On that subject, the HR24 is supposedly using RGB out, while most devices use Y Pb Pr. There is likely nothing wrong with either method, and HDMI supports both, but how compatible one may be with the HDMI RX chip in your TV compared to the other may be at issue here. They both should work, but possibly RGB out could have handshake issues that don't manifest with Y Pb Pr. If other viewers with this set and either a HR24 or a different HR2x could verify this, we would know if that is a credible answer or not.


----------



## Rich (Feb 22, 2007)

TomCat said:


> It sounds like an HDMI handshake issue between the DVR and the TV. I would bet the farm you would not see this should you connect via component.
> 
> You may also want to try using just 1080 as a resolution. This would move the task of rescaling 720p to 1080i out of the DVR and into the TV, which may shorten (or lengthen) the HDMI mute time (time it goes to black while negotiating the handshake). Native "on" would do much the same thing. Try both, and with luck one or the other will shorten the mute time or eliminate it. Otherwise it may just be an idiosyncratic issue with that particular TV and that particular DVR.
> 
> On that subject, the HR24 is supposedly using RGB out, while most devices use Y Pb Pr. There is likely nothing wrong with either method, and HDMI supports both, but how compatible one may be with the HDMI RX chip in your TV compared to the other may be at issue here. They both should work, but possibly RGB out could have handshake issues that don't manifest with Y Pb Pr. If other viewers with this set and either a HR24 or a different HR2x could verify this, we would know if that is a credible answer or not.

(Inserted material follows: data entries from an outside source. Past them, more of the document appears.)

text \<open>Let \<open>c\<close> be the infimum of the numerical range of \<open>T\<close>, so that \<open>A = T - c\<close> is a
nonnegative self-adjoint operator. Then \<open>c\<close> is an approximate eigenvalue: if \<open>A\<close> were bounded
below by \<open>\<eta> > 0\<close>, its range would be closed and, by self-adjointness, everything; Cauchy-Schwarz
for the form of \<open>A\<close> would then give \<open>\<langle>A x, x\<rangle> \<ge> \<eta> \<parallel>x\<parallel>\<^sup>2\<close>, contradicting the choice of \<open>c\<close>.
Pick a unit vector \<open>x0 \<in> D\<close> with \<open>\<parallel>A x0\<parallel> \<le> \<epsilon>/3\<close> and let \<open>S\<close> be the rank-two operator with
\<open>T + S = c + P A P\<close>, where \<open>P\<close> projects onto the orthogonal complement of \<open>x0\<close>. Then
\<open>\<parallel>S\<parallel> \<le> 3 \<parallel>A x0\<parallel> \<le> \<epsilon>\<close>, the form of \<open>T + S\<close> is bounded below by \<open>c\<close> and \<open>(T + S) x0 = c x0\<close>, so
the minimum modulus \<open>c\<close> is attained at \<open>x0\<close>. Finally each point of either graph lies within
\<open>\<epsilon>\<close> times its norm of the other graph, and this bounds the distance of the two orthogonal
projections.\<close>

section \<open>Inner product algebra\<close>

lemma cinner_add_left: "cinner (x + y) (z::'a::chilbert) = cinner x z + cinner y z"
  by (metis cinner_commute cinner_add_right complex_cnj_add)

lemma cinner_scaleC_left: "cinner (a *\<^sub>C x) (y::'a::chilbert) = cnj a * cinner x y"
  by (metis cinner_commute cinner_scaleC_right complex_cnj_mult)

lemma scaleC_zero_left [simp]: "0 *\<^sub>C (x::'a::chilbert) = 0"
  by (metis add_cancel_right_right add_0 scaleC_add_left)

lemma scaleC_minus1_left: "(-1) *\<^sub>C (x::'a::chilbert) = - x"
  by (metis scaleR_scaleC of_real_1 of_real_minus scaleR_minus1_left)

lemma scaleC_minus_left: "(- a) *\<^sub>C (x::'a::chilbert) = - (a *\<^sub>C x)"
  by (metis scaleC_minus1_left scaleC_scaleC mult_minus1)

Every once in a while someone posts about these issues and it seems to always happen (this is a general comment not a specific comment) when using a Sony TV. I'll agree with Tom and say try component and see if that solves your problem. I'll also be willing to bet that you never have any issues with a BD player or a DVD upscaler using HDMI. Or any device using HDMI. Only the HRs.

Rich


----------



## ratm (Sep 20, 2011)

Thank you for your suggestions. TomCat was right. It was an HDMI handshake issue. 
I forgot to mention that I'm using and HDMI balun from SnapAV to connect the HR24 from my basement that also has a feature where it can learn the EDID setting from my TV. I made the transmitter end of my balun relearn the EDID from my TV, hooked up everything and so far so good.
Thanks again!


----------